Members of the Girt Clog Climbing Club - affectionately known as Cloggies - have been visiting the Sawry Hotel at Far Sawry every year since 1970.
The club, named after the Giant Boot which is in a glass case in the Queens Head in Hawshead, was formed by a small group of young men from the Birmingham area in 1970.
TV personality and host of ITV’s daytime Golden Balls programme, Jasper Carrott was a founder member. Back then he was a little known folk singer.
“In fact we would not have got together had it not been for a car crash”, said Russell Brookes, another founder member and British Open Champion Rally Driver in 1977 and 1985.
“There was a minor bump at a roundabout in Warwickshire and we all repaired to the pub to exchange names and addresses. An informal camping club grew from that and in 1970 we came to the Lakes and the Sawrey Hotel. We’ve been back every year since.”
Chairman John Robinson said the club has dropped the climbing now and the walks are becoming more gentle.
“Well we’re getting on. Most of us are in our sixties. We are more into the food and drink than scampering up mountains”, he said. “Most of the members have known each other since they were young men starting out on their careers.
“We’re a real mixed bunch from an international financier to an ex BBC newsreader and a guy who sells sheds”
This year, 36 Cloggies attended the AGM at the Sawrey Hotel and Cloggies regularly return from across the world to be there. Tony Fisher, who runs a car hire business on Kangaroo Island off Adelaide, Australia had brought along his 20-year-old son, Will.
The club had hoped that their only titled member would be there too, but sadly Sir Mervyn Pedelty, former chief executive of the Co-operative Bank died a month ago at the age of 61.

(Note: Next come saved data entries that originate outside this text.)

definition vil_K :: "(nat \<Rightarrow> nat) \<Rightarrow> nat \<Rightarrow> (nat \<Rightarrow> nat) \<Rightarrow> complex" where
  "vil_K m n x = (1 / of_nat n) * (\<Sum>k=1..n. vil_D m k x)"

definition Qsum :: "(nat \<Rightarrow> real) \<Rightarrow> nat \<Rightarrow> real" where
  "Qsum q n = (\<Sum>k<n. q k)"

text \<open>|n|: the unique s with M_s \<le> n < M_{s+1} (for n \<ge> 1).\<close>
definition vil_abs :: "(nat \<Rightarrow> nat) \<Rightarrow> nat \<Rightarrow> nat" where
  "vil_abs m n = (THE s. vil_M m s \<le> n \<and> n < vil_M m (Suc s))"

end

(*
  Let F_J = D_0 + ... + D_(J-1) (Dsum J below), so that F_(n+1) = n K_n and D_j = F_(j+1) - F_j. Abel summation
  against the nonincreasing weights j \<mapsto> q_(n-j) bounds the sum by 2 q_(n-M_N) max_(j\<le>n+1) |F_j|,
  and Q_n \<ge> M_N q_(n-M_N). It remains to bound |F_J| for J \<le> M_(P+1) by
  C \<Sum>_(u\<le>P) M_u |K_(M_u)|. Write J = c M_P + e with c \<le> m_P and e < M_P; the shift formula
  D_(c M_P + a) = D_(c M_P) + \<psi>_(c M_P) D_a expresses F_J through D_(M_P), F_(M_P) and F_e.
  Since D_(M_P) = \<Prod>_(i<P) \<Sum>_(d<m_i) r_i^d is 0 unless x vanishes below P, in which case
  D_(M_P) = M_P and M_P K_(M_P) = M_P (M_P + 1) / 2, both D_(M_P) and F_(M_P) are controlled by
  M_P |K_(M_P)|, and induction on P gives the bound with C = 7 (sup m)^2.
*)

theory Submission
  imports Defs
begin

lemma sum_lessThan_add:
  fixes a b :: nat
  shows "(\<Sum>k<a + b. f k) = (\<Sum>k<a. f k) + (\<Sum>k<b. f (a + k))"
  by (induction b) (auto simp: add.assoc)
lemma holomorphic_integral_beta_kernel_left:
  assumes b: "Re b > 0"
  shows "(\<lambda>a. integral {0..1} (beta_kernel a b)) holomorphic_on {a. Re a > 0}"
proof (rule holomorphic_on_integral_01[where f' = "\<lambda>a t. Ln (complex_of_real t) * beta_kernel a b t"])
  show "((\<lambda>a. beta_kernel a b t) has_field_derivative Ln (complex_of_real t) * beta_kernel a b t) (at a)"
    if "t \<in> {0<..<1}" for a t
    using that unfolding beta_kernel_def
    by (auto intro!: derivative_eq_intros simp: powr_def mult_ac)
  show "continuous_on ({a. Re a > 0} \<times> {0<..<1}) (\<lambda>(a, t). Ln (complex_of_real t) * beta_kernel a b t)"
    unfolding beta_kernel_def case_prod_unfold
    by (intro continuous_intros) (auto simp: complex_nonpos_Reals_iff)
  show "beta_kernel a b integrable_on {0..1}" if "a \<in> {a. Re a > 0}" for a
    using beta_kernel_integrable[of a b] that b by auto
  fix a0 assume a0: "a0 \<in> {a. Re a > 0}"
  define r where "r = Re a0 / 2"
  have Re_a: "Re a \<ge> r" if "a \<in> cball a0 r" for a
    using mem_cball_Re_norm_bounds(1)[OF that] by (simp add: r_def)
  have "(\<lambda>t. t powr (r - 1) * (1 - t) powr (Re b - 1)) integrable_on {0..1}"
    using a0 b by (intro integrable_Beta') (auto simp: r_def)
  moreover have "norm (beta_kernel a b t) \<le> t powr (r - 1) * (1 - t) powr (Re b - 1)"
    if "a \<in> cball a0 r" "t \<in> {0..1}" for a t
    unfolding norm_beta_kernel[OF that(2)]
    by (intro mult_right_mono powr_mono') (use that Re_a in auto)
  moreover have "cball a0 r \<subseteq> {a. Re a > 0}" "r > 0"
    using Re_a a0 by (force simp: r_def)+
  ultimately show "\<exists>r>0. cball a0 r \<subseteq> {a. Re a > 0} \<and> (\<exists>g. g integrable_on {0..1} \<and>
      (\<forall>a\<in>cball a0 r. \<forall>t\<in>{0..1}. norm (beta_kernel a b t) \<le> g t))"
    by blast
qed (auto intro: open_halfspace_Re_gt convex_halfspace_Re_gt)

lemma has_integral_beta_kernel_of_real:
  assumes "a > 0" "b > 0"
  shows "(beta_kernel (of_real a) (of_real b) has_integral Beta (complex_of_real a) (complex_of_real b)) {0..1}"
proof -
  have "((\<lambda>t. complex_of_real (t powr (a - 1) * (1 - t) powr (b - 1))) has_integral
          complex_of_real (Beta a b)) {0..1}"
    by (rule has_integral_of_real[OF has_integral_Beta_real[OF assms]])
  hence "(beta_kernel (of_real a) (of_real b) has_integral complex_of_real (Beta a b)) {0..1}"
  proof (rule has_integral_eq[rotated])
    fix t :: real assume "t \<in> {0..1}"
    thus "complex_of_real (t powr (a - 1) * (1 - t) powr (b - 1)) = beta_kernel (of_real a) (of_real b) t"
      using powr_of_real[of t "a - 1"] powr_of_real[of "1 - t" "b - 1"] by (simp add: beta_kernel_def)
  qed
  thus ?thesis by (simp add: Beta_complex_of_real)
qed
text \<open>\<open>f\<^sup>(\<^sup>0\<^sup>)\<close> only couples neighbouring angles, and \<open>\<chi>\<close> does not depend on the first actions.\<close>
lemma vanishes_pbracket_resonant_f0data:
  assumes fN: "finite N" and u: "finite_potentials n u"
    and ch_low: "vanishes n N (low_mode s) ch"
    and ch_indep: "\<And>i. 1 \<le> i \<Longrightarrow> i \<le> s \<Longrightarrow> action_indep n N i ch"
  shows "vanishes n N (low_mode (s - 1)) (pbracket n (resp k (f0data n u)) ch)"
  unfolding pbracket_def
proof (intro vanishes_sum vanishes_fsub)
  fix i assume i: "i \<in> {1..n}"
  have R0: "resp k (f0data n u) \<mu> I = resp k (f0data n u) \<mu> J" for \<mu> I J
    unfolding resp_def using f0data_const by simp
  show "vanishes n N (low_mode (s - 1)) (fmult (dI i (resp k (f0data n u))) (dphi i ch))"
    by (intro vanishes_fmult_left) (simp add: vanishes_def dI_const[OF R0])
  show "vanishes n N (low_mode (s - 1)) (fmult (dphi i (resp k (f0data n u))) (dI i ch))"
  proof (cases "i \<le> s")
    case True
    with i show ?thesis
      by (intro vanishes_fmult_right) (simp add: vanishes_def dI_action_indep[OF fN ch_indep])
  next
    case False
    show ?thesis
    proof (rule vanishes_fmult_low)
      have "vanishes n N (low_mode (s - 1)) (dphi i (f0data n u))"
        using dphi_f0data_vanishes_low[OF u] by (rule vanishes_low_mode_mono) (use False in auto)
      then show "vanishes n N (low_mode (s - 1)) (dphi i (resp k (f0data n u)))"
        unfolding dphi_def resp_def vanishes_def by auto
      show "vanishes n N (low_mode (s - 1)) (dI i ch)"
        using vanishes_low_mode_mono[OF ch_low, of "s - 1"] by (intro vanishes_dI fN) auto
    qed
  qed
qed
(* Let $\alpha,\beta>0$, $\gamma\ge 0$, and let $(u,f)$ be a least-energy solution, i.e. $(u,f)\in X$ minimizes $I$ over $X$ and solves $$u''=\frac{\alpha\beta}{2}f^{2}u+\frac{u(u^{2}-1)}{r^{2}},\qquad f''=-\frac{2}{r}f'+\frac{\beta}{r^{2}}fu^{2}+\gamma f(f^{2}-1),\qquad r>0.$$ Then $0<u(r)<1$ and $0<f(r)<1$ for all $r>0$, and for every $\varepsilon\in(0,1)$: $$u(r)=O\Big(e^{-\sqrt{\frac{\alpha\beta}{2}}(1-\varepsilon)r}\Big)\ \ (r\to\infty),$$ $$f(r)=1+O\Big(e^{-\sqrt{2}\min\{\sqrt{\gamma},\sqrt{\alpha\beta}\}(1-\varepsilon)r}\Big)\ \ (r\to\infty)\quad\text{if }\gamma>0,$$ $$f(r)=1+O\Big(\frac1r\Big)\ \ (r\to\infty)\quad\text{if }\gamma=0,$$ $$u(r)=1+O\big(r^{2(1-\varepsilon)}\big),\qquad f(r)=O\Big(r^{\left(\sqrt{\frac14+\beta}-\frac12\right)(1-\varepsilon)}\Big)\quad (r\to0).$$
   Context: For real parameters $\alpha,\beta>0$, $\gamma\ge0$, $$I(u,f)=\int_{0}^{\infty} \Big\{2(u')^{2}+\frac{(1-u^{2})^{2}}{r^{2}}+\alpha\big[ r^{2}(f')^{2}+\beta f^{2}u^{2}\big]+\frac{\alpha\gamma}{2}r^{2}(f^{2}-1)^{2}\Big\}\,dr,$$ and $X$ is the set of pairs $(u,f)$ of real functions on $(0,\infty)$, absolutely continuous on every compact subinterval of $(0,\infty)$, with $I(u,f)<\infty$ and $\lim_{r\to0}f(r)=0$, $\lim_{r\to0}u(r)=1$, $\lim_{r\to\infty}f(r)=1$, $\lim_{r\to\infty}u(r)=0$. *)

theory Defs
  imports "HOL-Analysis.Analysis" "HOL-Library.Landau_Symbols"
begin
lemma half_set_compl: "L \<in> half_sets l \<Longrightarrow> {..<2 * l} - L \<in> half_sets l"
  by (auto simp: half_sets_def card_Diff_subset[OF half_set_finite])

lemma half_sets_diff_nonempty:
  assumes "L \<in> half_sets l" "M \<in> half_sets l" "L \<noteq> M"
  shows "L - M \<noteq> {}"
  using assms card_subset_eq[OF half_set_finite[OF assms(2)]] by (auto simp: half_sets_def)

lemma half_set_Min_neq_Max:
  assumes "L \<in> half_sets l" "2 \<le> l"
  shows "Min L \<noteq> Max L"
proof
  assume "Min L = Max L"
  have "finite L" using assms(1) by (rule half_set_finite)
  have "L \<subseteq> {Min L}"
  proof
    fix x assume "x \<in> L"
    then have "Min L \<le> x" "x \<le> Max L"
      using \<open>finite L\<close> by simp_all
    then show "x \<in> {Min L}"
      using \<open>Min L = Max L\<close> by simp
  qed
  then have "card L \<le> 1"
    using card_mono[of "{Min L}" L] by simp
  with assms show False by (simp add: half_sets_def)
qed

lemma twin_colour_same [simp]: "twin_colour l ((L, a), (L, b)) = 2 * l"
  by (simp add: twin_colour_def)

lemma twin_colour_mem:
  assumes "L \<in> half_sets l" "M \<in> half_sets l" "L \<noteq> M"
  shows "twin_colour l ((L, a), (M, b)) \<in> L - M"
proof (cases "M = {..<2 * l} - L \<and> \<not> a \<and> b")
  case True
  have "L \<noteq> {}" "finite L"
    using assms half_sets_diff_nonempty half_set_finite by auto
  then show ?thesis
    using True assms(3) Max_in[of L] by (auto simp: twin_colour_def)
next
  case False
  have "L - M \<noteq> {}" "finite (L - M)"
    using assms half_sets_diff_nonempty half_set_finite by auto
  then show ?thesis
    using False assms(3) Min_in[of "L - M"] by (auto simp: twin_colour_def)
qed

lemma twin_colour_compl:
  assumes "L \<in> half_sets l" "0 < l"
  shows "twin_colour l ((L, a), ({..<2 * l} - L, b)) = (if \<not> a \<and> b then Max L else Min L)"
proof -
  have "L \<noteq> {}" using assms by (auto simp: half_sets_def)
  then have "L \<noteq> {..<2 * l} - L" by auto
  moreover have "L - ({..<2 * l} - L) = L" using assms(1) by (auto simp: half_sets_def)
  ultimately show ?thesis by (simp add: twin_colour_def)
qed

lemma twin_colour_le:
  assumes "x \<in> twin_vertices l T" "y \<in> twin_vertices l T"
  shows "twin_colour l (x, y) \<le> 2 * l"
proof -
  obtain L a M b where "x = (L, a)" "y = (M, b)"
    by (cases x, cases y)
  then show ?thesis
    using assms twin_colour_mem[of L l M a b]
    by (cases "L = M") (auto simp: twin_vertices_def half_sets_def)
qed

lemma twin_colour_eq_iff:
  assumes "L \<in> half_sets l" "M \<in> half_sets l"
  shows "twin_colour l ((L, a), (M, b)) = 2 * l \<longleftrightarrow> L = M"
proof (cases "L = M")
  case False
  then have "twin_colour l ((L, a), (M, b)) \<in> L"
    using twin_colour_mem assms by blast
  then show ?thesis
    using False assms(1) by (auto simp: half_sets_def)
qed simp

lemma twin_colour_arc_colouring:
  "arc_colouring (twin_vertices l T) (\<noteq>) (2 * l + 1) (twin_colour l)"
  unfolding arc_colouring_def
proof
  fix e assume "e \<in> sym_arcs (twin_vertices l T) (\<noteq>)"
  then obtain x y where "e = (x, y)" "x \<in> twin_vertices l T" "y \<in> twin_vertices l T"
    unfolding sym_arcs_def by blast
  then show "twin_colour l e < 2 * l + 1"
    using twin_colour_le[of x l T y] by simp
qed
lemma weyl_neg_rows_orthonormal:
  assumes "j \<in> kets d n" "j' \<in> kets d n" "x \<in> phase_space d n"
  shows "(\<Sum>c\<in>kets d n. weyl_neg d n x j c * cnj (weyl_neg d n x j' c)) = (if j = j' then 1 else 0)"
proof -
  have "(\<Sum>c\<in>kets d n. weyl_neg d n x j c * cnj (weyl_neg d n x j' c)) =
        (\<Sum>c\<in>kets d n. \<Prod>l<n. weyl1_int (- int (fst x l)) (- int (snd x l)) (j l) (c l) *
                                cnj (weyl1_int (- int (fst x l)) (- int (snd x l)) (j' l) (c l)))"
    by (intro sum.cong refl) (simp add: weyl_neg_entry assms prod.distrib)
  also have "\<dots> = (\<Prod>l<n. \<Sum>a<d. weyl1_int (- int (fst x l)) (- int (snd x l)) (j l) a *
                                cnj (weyl1_int (- int (fst x l)) (- int (snd x l)) (j' l) a))"
    by (rule sum_kets_prod)
  also have "\<dots> = (\<Prod>l<n. if j l = j' l then 1 else 0)"
    by (intro prod.cong refl weyl1_int_rows_orthonormal) (use assms kets_less in auto)
  also have "\<dots> = (if j = j' then 1 else 0)"
    unfolding prod_indicator using kets_eq_iff[OF assms(1,2)] by simp
  finally show ?thesis .
qed

lemma weyl_neg_scale_mult:
  assumes "j \<in> kets d n" "b \<in> kets d n" and that: "x \<in> phase_space d n"
  shows "(\<Sum>c\<in>kets d n. weyl_neg d n (scale_pt n m x) j c * weyl_neg d n x c b) = weyl_neg d n (scale_pt n (Suc m) x) j b"
proof -
  have "(\<Sum>c\<in>kets d n. weyl_neg d n (scale_pt n m x) j c * weyl_neg d n x c b) =
        (\<Sum>c\<in>kets d n. \<Prod>l<n. weyl1_int (int m * (- int (fst x l))) (int m * (- int (snd x l))) (j l) (c l) *
                                weyl1_int (- int (fst x l)) (- int (snd x l)) (c l) (b l))"
    by (intro sum.cong refl) (simp add: weyl_neg_entry weyl_neg_scale_entry assms that prod.distrib)
  also have "\<dots> = (\<Prod>l<n. \<Sum>a<d. weyl1_int (int m * (- int (fst x l))) (int m * (- int (snd x l))) (j l) a *
                                weyl1_int (- int (fst x l)) (- int (snd x l)) a (b l))"
    by (rule sum_kets_prod)
  also have "\<dots> = (\<Prod>l<n. weyl1_int ((int m + 1) * (- int (fst x l))) ((int m + 1) * (- int (snd x l))) (j l) (b l))"
    by (intro prod.cong refl weyl1_int_mult_multiple)
  also have "\<dots> = weyl_neg d n (scale_pt n (Suc m) x) j b"
    by (simp add: weyl_neg_scale_entry assms add.commute)
  finally show ?thesis .
qed

lemma weyl_neg_completeness:
  assumes "k \<in> kets d n" "j \<in> kets d n" "k' \<in> kets d n" "j' \<in> kets d n"
  shows "(\<Sum>x\<in>phase_space d n. weyl_neg d n x k j * cnj (weyl_neg d n x k' j')) =
         (if k = k' \<and> j = j' then of_nat d ^ n else 0)"
proof -
  define F where "F l a b = weyl1_int (- int a) (- int b) (k l) (j l) * cnj (weyl1_int (- int a) (- int b) (k' l) (j' l))" for l a b
  have "(\<Sum>x\<in>phase_space d n. weyl_neg d n x k j * cnj (weyl_neg d n x k' j')) =
        (\<Sum>p\<in>kets d n. \<Sum>q\<in>kets d n. weyl_neg d n (p, q) k j * cnj (weyl_neg d n (p, q) k' j'))"
    unfolding phase_space_def by (simp add: sum.cartesian_product)
  also have "\<dots> = (\<Sum>p\<in>kets d n. \<Sum>q\<in>kets d n. \<Prod>l<n. F l (p l) (q l))"
    by (intro sum.cong refl) (simp add: weyl_neg_entry assms phase_space_def prod.distrib F_def)
  also have "\<dots> = (\<Sum>p\<in>kets d n. \<Prod>l<n. \<Sum>b<d. F l (p l) b)"
    by (intro sum.cong refl sum_kets_prod)
  also have "\<dots> = (\<Prod>l<n. \<Sum>a<d. \<Sum>b<d. F l a b)"
    by (rule sum_kets_prod)
  also have "\<dots> = (\<Prod>l<n. if k l = k' l \<and> j l = j' l then of_nat d else 0)"
    unfolding F_def by (intro prod.cong refl weyl1_int_completeness) (use assms kets_less in auto)
  also have "\<dots> = (if k = k' \<and> j = j' then of_nat d ^ n else 0)"
    unfolding prod_indicator using kets_eq_iff[OF assms(1,3)] kets_eq_iff[OF assms(2,4)] by auto
  finally show ?thesis .
qed

lemma weyl_neg_orthogonality:
  assumes "x \<in> phase_space d n" "y \<in> phase_space d n"
  shows "(\<Sum>j\<in>kets d n. \<Sum>k\<in>kets d n. cnj (weyl_neg d n y k j) * weyl_neg d n x k j) =
         (if x = y then of_nat d ^ n else 0)"
proof -
  define F where "F l a b = cnj (weyl1_int (- int (fst y l)) (- int (snd y l)) a b) * weyl1_int (- int (fst x l)) (- int (snd x l)) a b" for l a b
  have "(\<Sum>j\<in>kets d n. \<Sum>k\<in>kets d n. cnj (weyl_neg d n y k j) * weyl_neg d n x k j) =
        (\<Sum>j\<in>kets d n. \<Sum>k\<in>kets d n. \<Prod>l<n. F l (k l) (j l))"
    by (intro sum.cong refl) (simp add: weyl_neg_entry assms prod.distrib F_def)
  also have "\<dots> = (\<Sum>j\<in>kets d n. \<Prod>l<n. \<Sum>a<d. F l a (j l))"
    by (intro sum.cong refl sum_kets_prod)
  also have "\<dots> = (\<Prod>l<n. \<Sum>b<d. \<Sum>a<d. F l a b)"
    by (rule sum_kets_prod)
  also have "\<dots> = (\<Prod>l<n. if fst x l = fst y l \<and> snd x l = snd y l then of_nat d else 0)"
    unfolding F_def by (intro prod.cong refl weyl1_int_orthogonality) (use assms kets_less in \<open>auto simp: phase_space_def\<close>)
  also have "\<dots> = (if x = y then of_nat d ^ n else 0)"
  proof -
    have "x = y \<longleftrightarrow> fst x = fst y \<and> snd x = snd y" by (simp add: prod_eq_iff)
    thus ?thesis
      unfolding prod_indicator using assms kets_eq_iff[of "fst x" d n "fst y"] kets_eq_iff[of "snd x" d n "snd y"]
      by (auto simp: phase_space_def)
  qed
  finally show ?thesis .
qed

section \<open>Parseval identity and the mean state\<close>

lemma parseval_char_fun:
  "(\<Sum>x\<in>phase_space d n. (cmod (char_fun d n A x))\<^sup>2) = real d ^ n * hs_norm_sq d n A"
proof -
  let ?U = "kets d n \<times> kets d n"
  have "complex_of_real (\<Sum>x\<in>phase_space d n. (cmod (char_fun d n A x))\<^sup>2) =
        (\<Sum>x\<in>phase_space d n. char_fun d n A x * cnj (char_fun d n A x))"
    by (simp only: mult_cnj_norm_sq of_real_sum)
  also have "\<dots> = (\<Sum>x\<in>phase_space d n.
      (\<Sum>u\<in>?U. A (fst u) (snd u) * weyl_neg d n x (snd u) (fst u)) * cnj (\<Sum>u\<in>?U. A (fst u) (snd u) * weyl_neg d n x (snd u) (fst u)))"
    unfolding char_fun_expand_pairs ..
  also have "\<dots> = of_nat d ^ n * (\<Sum>u\<in>?U. A (fst u) (snd u) * cnj (A (fst u) (snd u)))"
  proof (rule parseval_char_fun_orthogonal_kernel)
    fix u v assume "u \<in> ?U" "v \<in> ?U"
    thus "(\<Sum>x\<in>phase_space d n. weyl_neg d n x (snd u) (fst u) * cnj (weyl_neg d n x (snd v) (fst v))) = (if u = v then of_nat d ^ n else 0)"
      by (subst weyl_neg_completeness) (auto simp: prod_eq_iff)
  qed (simp add: finite_kets)
  also have "\<dots> = complex_of_real (real d ^ n * hs_norm_sq d n A)"
    unfolding hs_norm_sq_def sum_nested_eq_sum_product by (simp only: mult_cnj_norm_sq of_real_sum of_real_mult of_real_power of_real_of_nat_eq)
  finally show ?thesis by (simp only: of_real_eq_iff)
qed

lemma char_fun_inject:
  assumes "op_on d n A" "op_on d n B" "\<And>x. x \<in> phase_space d n \<Longrightarrow> char_fun d n A x = char_fun d n B x"
  shows "A = B"
proof -
  have "(\<Sum>x\<in>phase_space d n. (cmod (char_fun d n (A - B) x))\<^sup>2) = 0"
    using assms(3) by (simp add: char_fun_diff)
  hence "real d ^ n * hs_norm_sq d n (A - B) = 0" by (simp only: parseval_char_fun)
  hence h0: "hs_norm_sq d n (A - B) = 0" using d_pos by simp
  show ?thesis
  proof (intro ext)
    fix k j
    show "A k j = B k j"
    proof (cases "k \<in> kets d n \<and> j \<in> kets d n")
      case True
      thus ?thesis using hs_norm_sq_eq_0_imp_entry[OF h0] by auto
    next
      case False
      thus ?thesis using assms(1,2) unfolding op_on_def by auto
    qed
  qed
qed

lemma exists_op_char_fun:
  "\<exists>\<sigma>. op_on d n \<sigma> \<and> (\<forall>x\<in>phase_space d n. char_fun d n \<sigma> x = f x)"
proof -
  let ?U = "kets d n \<times> kets d n"
  define a where "a u = (\<Sum>y\<in>phase_space d n. f y * cnj (weyl_neg d n y (snd u) (fst u))) / of_nat d ^ n" for u
  define \<sigma> where "\<sigma> k j = (if k \<in> kets d n \<and> j \<in> kets d n then a (k, j) else 0)" for k j
  have "op_on d n \<sigma>" unfolding op_on_def \<sigma>_def by auto
  moreover have "char_fun d n \<sigma> x = f x" if x: "x \<in> phase_space d n" for x
  proof -
    have "char_fun d n \<sigma> x = (\<Sum>u\<in>?U. a u * weyl_neg d n x (snd u) (fst u))"
      unfolding char_fun_expand_pairs by (intro sum.cong refl) (auto simp: \<sigma>_def)
    also have "\<dots> = f x" unfolding a_def
    proof (rule inversion_orthogonal_kernel[OF _ finite_phase_space _ x])
      fix x y assume xy: "x \<in> phase_space d n" "y \<in> phase_space d n"
      show "(\<Sum>u\<in>?U. cnj (weyl_neg d n y (snd u) (fst u)) * weyl_neg d n x (snd u) (fst u)) = (if x = y then of_nat d ^ n else 0)"
        using weyl_neg_orthogonality[OF xy] by (simp only: sum_nested_eq_sum_product)
    qed (use d_pos in simp)
    finally show ?thesis .
  qed
  ultimately show ?thesis by blast
qed

definition mean_char :: "nat \<Rightarrow> op \<Rightarrow> ket \<times> ket \<Rightarrow> complex" where
  "mean_char n \<rho> x = (if cmod (char_fun d n \<rho> x) = 1 then char_fun d n \<rho> x else 0)"

lemma mean_state_char_fun:
  "op_on d n (mean_state d n \<rho>) \<and> (\<forall>x\<in>phase_space d n. char_fun d n (mean_state d n \<rho>) x = mean_char n \<rho> x)"
proof -
  have "\<exists>!\<sigma>. op_on d n \<sigma> \<and> (\<forall>x\<in>phase_space d n. char_fun d n \<sigma> x = mean_char n \<rho> x)"
    using exists_op_char_fun[of n "mean_char n \<rho>"] char_fun_inject by metis
  from theI'[OF this] show ?thesis unfolding mean_state_def mean_char_def .
qed

lemma norm_char_fun_le_1:
  assumes st: "is_state d n \<rho>" and x: "x \<in> phase_space d n"
  shows "cmod (char_fun d n \<rho> x) \<le> 1"
proof (cases "char_fun d n \<rho> x = 0")
  case True thus ?thesis by simp
next
  case False
  define X where "X = char_fun d n \<rho> x"
  define \<omega> where "\<omega> = cnj X / complex_of_real (cmod X)"
  have Xn: "cmod X \<noteq> 0" using False unfolding X_def by simp
  have oo: "\<omega> * cnj \<omega> = 1"
  proof -
    have "\<omega> * cnj \<omega> = (cnj X * X) / (complex_of_real (cmod X) * complex_of_real (cmod X))"
      unfolding \<omega>_def by simp
    also have "\<dots> = 1" using Xn by (simp add: mult_cnj_norm_sq power2_eq_square)
    finally show ?thesis .
  qed
  have rowU: "(\<Sum>c\<in>kets d n. \<omega> * weyl_neg d n x j c * cnj (\<omega> * weyl_neg d n x j' c)) = (if j = j' then 1 else 0)"
    if "j \<in> kets d n" "j' \<in> kets d n" for j j'
  proof -
    have "(\<Sum>c\<in>kets d n. \<omega> * weyl_neg d n x j c * cnj (\<omega> * weyl_neg d n x j' c)) =
          (\<omega> * cnj \<omega>) * (\<Sum>c\<in>kets d n. weyl_neg d n x j c * cnj (weyl_neg d n x j' c))"
      by (simp add: sum_distrib_left mult_ac)
    thus ?thesis using oo weyl_neg_rows_orthonormal[OF that x] by simp
  qed
  have "Re (\<Sum>k\<in>kets d n. \<Sum>j\<in>kets d n. \<rho> k j * (\<omega> * weyl_neg d n x j k)) \<le> 1"
    using state_trace_unitary_le_1[OF st rowU] .
  also have "(\<Sum>k\<in>kets d n. \<Sum>j\<in>kets d n. \<rho> k j * (\<omega> * weyl_neg d n x j k)) = \<omega> * X"
    unfolding X_def char_fun_expand by (simp add: sum_distrib_left mult_ac)
  also have "\<omega> * X = complex_of_real (cmod X)"
  proof -
    have "\<omega> * X = (cnj X * X) / complex_of_real (cmod X)" unfolding \<omega>_def by simp
    also have "\<dots> = complex_of_real (cmod X)" using Xn by (simp add: mult_cnj_norm_sq power2_eq_square)
    finally show ?thesis .
  qed
  finally show ?thesis unfolding X_def by simp
qed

A member who joined only 15 years ago is the former presenter of BBC TV’s North West Tonight, Martin Henfield.
“I come originally from the Midlands so I fitted in pretty quickly”, he said. “It’s a great club with laughter now more important than climbing. We even have our own club song which is sung with great gusto at the start of every AGM.”
This year’s 40th reunion was not only a nostalgic occasion for the Cloggies. The family which has played host for all that time has put the hotel up for sale and the AGM is likely to be their last.
In recognition Ann and Steve Crabtree and Ann’s sister, Rachel were presented with engraved glass goblets. The girls, daughters of the late Sheila and David Brayshaw, had been children when the Cloggies held their first AGM at the hotel.
In an emotional speech, Ann told the Cloggies they had become like family too and the return was the highlight of the hotel’s year.